Petani Merugi Harga Gabah Merosot

 HARGA gabah di tingkat petani mengalami kemerosotan cukup parah. Hal itu terjadi di beberapa daerah, salah satunya yakni Tuban di Jawa Timur. Pemerintah diminta segera bertindak, agar petani tidak semakin merugi. Hal itu disampaikan Ketua Umum Serikat Petani Indonesia, Henry Saragih, dalam keterangan tertulisnya, Rabu (10/3). Henry menyebutkan, harga Gabah Kering Giling (GKG) di wilayah Tuban, jauh lebih rendah dari Harga Pembelian Pemerintah (HPP). Jika ini terus berlanjut, bisa dipastikan petani akan mengalami kerugian cukup parah.

“Di Tuban misalnya, harga gabah mencapai Rp3.700 per kg. Harga tersebut di bawah HPP yang ditetapkan pemerintah yakni Rp4.200 per kg. Begitu juga di beberapa wilayah lainnya seperti Banyuasin, Aceh dan Nganjuk, harga di tingkat petani berada di bawah HPP,” ujar Henry.
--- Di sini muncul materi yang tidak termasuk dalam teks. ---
text \<open>Both cycle edges at a vertex of the triangle are triangle edges, so the cycle never leaves
  the triangle.\<close>

lemma is_cycle_through_triangle:
  assumes cycle: "is_cycle W D" and "T \<subseteq> W" "card T = 3" "tri_edges T \<subseteq> D"
  shows "card D \<le> 3"
proof -
  have closed: "y \<in> T" if "x \<in> T" "{x, y} \<in> D" for x y
  proof -
    have "finite T" using assms(3) by (metis card_ge_0_finite zero_less_numeral)
    then have "card (T - {x}) = 2" using assms(3) that(1) by (simp add: card_Diff_singleton)
    then obtain o1 o2 where o: "T - {x} = {o1, o2}" "o1 \<noteq> o2" by (meson card_2_iff)
    then have o_in: "o1 \<in> T" "o2 \<in> T" "o1 \<noteq> x" "o2 \<noteq> x" by blast+
    then have "{x, o1} \<in> D" "{x, o2} \<in> D"
      using assms(4) that(1) unfolding tri_edges_def by auto
    then have at_x: "{e \<in> D. x \<in> e} = {{x, o1}, {x, o2}}"
      by (intro is_cycle_edges_at_vertex[OF cycle _ _ _ o(2)]) (use that(1) assms(2) in auto)
    have "{x, y} \<in> {e \<in> D. x \<in> e}" using that(2) by simp
    then have "{x, y} = {x, o1} \<or> {x, y} = {x, o2}" unfolding at_x by simp
    then show "y \<in> T" using o_in that(1) by (auto simp: doubleton_eq_iff)
  qed
  obtain x y z where T: "T = {x, y, z}" "x \<noteq> y" "y \<noteq> z" "x \<noteq> z"
    using assms(3) by (meson card_3_iff)
  have cg: "connected_graph W D" and edges: "\<forall>e\<in>D. e \<subseteq> W \<and> card e = 2"
    using cycle unfolding is_cycle_def by auto
  have "W \<subseteq> T"
    by (rule connected_graph_closed_subset[OF cg _ _ closed, where a = x]) (use T(1) assms(2) in auto)
  then have D_sub: "D \<subseteq> tri_edges T" using edges unfolding tri_edges_def by blast
  have "tri_edges T = set [{x, y}, {x, z}, {y, z}]" using T by (simp add: tri_edges_triple)
  then have "finite (tri_edges T)" "card (tri_edges T) \<le> 3"
    using card_length[of "[{x, y}, {x, z}, {y, z}]"] by simp_all
  then show ?thesis using card_mono[OF _ D_sub] by linarith
qed

section \<open>Plane drawings and their subgraphs\<close>

locale plane_embedding =
  fixes V :: "'v set" and E :: "'v set set" and pos :: "'v \<Rightarrow> complex"
    and c :: "'v set \<Rightarrow> real \<Rightarrow> complex"
  assumes plane: "plane_graph V E pos c"
begin

lemma finite_vertices: "finite V"
  using plane unfolding plane_graph_def by blast

lemma edge_subset: "e \<in> E \<Longrightarrow> e \<subseteq> V"
  using plane unfolding plane_graph_def by blast

lemma card_edge: "e \<in> E \<Longrightarrow> card e = 2"
  using plane unfolding plane_graph_def by blast

lemma inj_pos: "inj_on pos V"
  using plane unfolding plane_graph_def by blast

lemma arc_edge: "e \<in> E \<Longrightarrow> arc (c e)"
  using plane unfolding plane_graph_def by blast

lemma arc_ends: "e \<in> E \<Longrightarrow> {pathstart (c e), pathfinish (c e)} = pos ` e"
  using plane unfolding plane_graph_def by blast

lemma arc_Int_vertices: "e \<in> E \<Longrightarrow> path_image (c e) \<inter> pos ` V = pos ` e"
  using plane unfolding plane_graph_def by blast

lemma arcs_Int:
  "e \<in> E \<Longrightarrow> e' \<in> E \<Longrightarrow> e \<noteq> e' \<Longrightarrow> path_image (c e) \<inter> path_image (c e') = pos ` (e \<inter> e')"
  using plane unfolding plane_graph_def by blast

lemma finite_edges: "finite E"
  using edge_subset finite_vertices by (meson Pow_iff finite_Pow_iff finite_subset subsetI)

lemma pos_eq_iff: "x \<in> V \<Longrightarrow> y \<in> V \<Longrightarrow> pos x = pos y \<longleftrightarrow> x = y"
  using inj_pos by (meson inj_on_eq_iff)

lemma pos_in_arc_iff: "e \<in> E \<Longrightarrow> x \<in> V \<Longrightarrow> pos x \<in> path_image (c e) \<longleftrightarrow> x \<in> e"
  using arc_Int_vertices edge_subset pos_eq_iff by blast

lemma pos_in_arc: "e \<in> E \<Longrightarrow> x \<in> e \<Longrightarrow> pos x \<in> path_image (c e)"
  using arc_Int_vertices by blast

lemma compact_arc: "e \<in> E \<Longrightarrow> compact (path_image (c e))"
  using arc_edge arc_imp_path compact_path_image by blast

lemma connected_arc: "e \<in> E \<Longrightarrow> connected (path_image (c e))"
  using arc_edge arc_imp_path connected_path_image by blast

definition arc_interior :: "'v set \<Rightarrow> complex set" where
  "arc_interior e = path_image (c e) - pos ` e"

lemma arc_interior_notin_vertices: "e \<in> E \<Longrightarrow> p \<in> arc_interior e \<Longrightarrow> p \<notin> pos ` V"
  using arc_Int_vertices unfolding arc_interior_def by blast

lemma arc_interior_notin_arc:
  "e \<in> E \<Longrightarrow> e' \<in> E \<Longrightarrow> e \<noteq> e' \<Longrightarrow> p \<in> arc_interior e \<Longrightarrow> p \<notin> path_image (c e')"
  using arcs_Int unfolding arc_interior_def by blast

lemma midpoint_in_arc_interior: "e \<in> E \<Longrightarrow> c e (1/2) \<in> arc_interior e"
proof -
  assume e: "e \<in> E"
  then have inj: "inj_on (c e) {0..1}" using arc_edge by (simp add: arc_def)
  have "c e (1/2) \<noteq> c e 0" "c e (1/2) \<noteq> c e 1"
    using inj_onD[OF inj, of "1/2" 0] inj_onD[OF inj, of "1/2" 1] by auto
  moreover have "pos ` e = {c e 0, c e 1}"
    using arc_ends[OF e] unfolding pathstart_def pathfinish_def by simp
  ultimately show ?thesis unfolding arc_interior_def path_image_def by auto
qed

definition subgraph :: "'v set \<Rightarrow> 'v set set \<Rightarrow> bool" where
  "subgraph W D \<longleftrightarrow> W \<subseteq> V \<and> D \<subseteq> E \<and> (\<forall>e\<in>D. e \<subseteq> W)"

lemma subgraph_minus: "subgraph W D \<Longrightarrow> subgraph (W - U) {e \<in> D. e \<inter> U = {}}"
  unfolding subgraph_def by blast

lemma subgraph_finite: "subgraph W D \<Longrightarrow> finite W \<and> finite D"
  unfolding subgraph_def using finite_vertices finite_edges finite_subset by meson

lemma compact_drawing:
  assumes "subgraph W D"
  shows "compact (drawing W D pos c)"
proof -
  have "finite W" "finite D" "D \<subseteq> E" using assms subgraph_finite unfolding subgraph_def by auto
  have "compact (pos ` W)" using \<open>finite W\<close> by (simp add: finite_imp_compact)
  moreover have "compact (\<Union>e\<in>D. path_image (c e))"
    using \<open>finite D\<close> \<open>D \<subseteq> E\<close> compact_arc by (intro compact_UN) auto
  ultimately show ?thesis unfolding drawing_def by (rule compact_Un)
qed

lemma drawing_mono: "W \<subseteq> W' \<Longrightarrow> D \<subseteq> D' \<Longrightarrow> drawing W D pos c \<subseteq> drawing W' D' pos c"
  unfolding drawing_def by blast

lemma drawing_cases:
  assumes "subgraph W D" "p \<in> drawing W D pos c"
  obtains x where "x \<in> W" "p = pos x" | e where "e \<in> D" "p \<in> arc_interior e"
proof -
  consider "p \<in> pos ` W" | e where "e \<in> D" "p \<in> path_image (c e)"
    using assms(2) unfolding drawing_def by blast
  then show ?thesis
  proof cases
    case 1
    then show ?thesis using that(1) by blast
  next
    case (2 e)
    show ?thesis
    proof (cases "p \<in> pos ` e")
      case True
      then show ?thesis using that(1) 2 assms(1) unfolding subgraph_def by blast
    next
      case False
      then show ?thesis using that(2) 2 unfolding arc_interior_def by blast
    qed
  qed
qed

lemma pos_in_drawing_iff:
  assumes "subgraph W D" "x \<in> V"
  shows "pos x \<in> drawing W D pos c \<longleftrightarrow> x \<in> W"
proof
  assume "pos x \<in> drawing W D pos c"
  with assms(1) show "x \<in> W"
  proof (cases rule: drawing_cases)
    case (1 y)
    then show ?thesis using assms pos_eq_iff unfolding subgraph_def by blast
  next
    case (2 e)
    then show ?thesis using assms arc_interior_notin_vertices unfolding subgraph_def by blast
  qed
qed (simp add: drawing_def)

lemma arc_interior_in_drawing_iff:
  assumes "subgraph W D" "e \<in> E" "p \<in> arc_interior e"
  shows "p \<in> drawing W D pos c \<longleftrightarrow> e \<in> D"
proof
  assume "p \<in> drawing W D pos c"
  with assms(1) show "e \<in> D"
  proof (cases rule: drawing_cases)
    case (1 x)
    then show ?thesis using assms arc_interior_notin_vertices unfolding subgraph_def by blast
  next
    case (2 e')
    then have "p \<in> path_image (c e')" unfolding arc_interior_def by blast
    then show ?thesis using 2 assms arc_interior_notin_arc unfolding subgraph_def by blast
  qed
next
  assume "e \<in> D"
  then show "p \<in> drawing W D pos c" using assms(3) unfolding drawing_def arc_interior_def by blast
qed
Alih-alih memperbaiki harga gabah, pemerintah justru akan melakukan impor beras 1 juta ton. Menurut Henry, jika kebijakan impor benar-benar dilakukan, hal itu akan semakin memperburuk nasib petani.

“Pemerintah seharusnya berfokus mengatasi hal ini dahulu ketimbang buru-buru merencanakan impor,” tegasnya.

Henry menyebutkan, rencana impor beras 1 juta ton ini masih menunjukkan belum selesainya masalah sinkronisasi dan koordinasi yang berkaitan kelembagaan pengelolaan pangan di Indonesia. Maka itu, ia menyebut pembentukan satu lembaga yang mengelola urusan pangan di Indonesia menjadi sangat mendesak. Lembaga itu nantinya harus memiliki otoritas penuh dalam menyusun dan mengambil kebijakan pangan di Indonesia.

“Situasi ini kerap kali berulang. Pada satu sisi, Kementerian Pertanian mengklaim untuk beras kita surplus sampai Mei 2021. Sementara di sisi lainnya, Kementerian Perdagangan justru sudah mengambil ancang-ancang untuk impor pangan. Akhirnya tetap saja petani yang dirugikan dari hal ini,” kata dia.

Terpisah, Dirjen Perdagangan Dalam Negeri Kemendag, Syailendra menyatakan, tidak mungkin pemerintah memiliki niat untuk menyengsarakan petani. Kebijakan impor tersebut, kata dia, adalah untuk kebutuhan Cadangan Beras Pemerintah (CBP) atau iron stock.

Pemerintah, kata Syailendra, berkepentingan untuk memastikan kebutuhan pangan 270 juta rakyat Indonesia tercukupi.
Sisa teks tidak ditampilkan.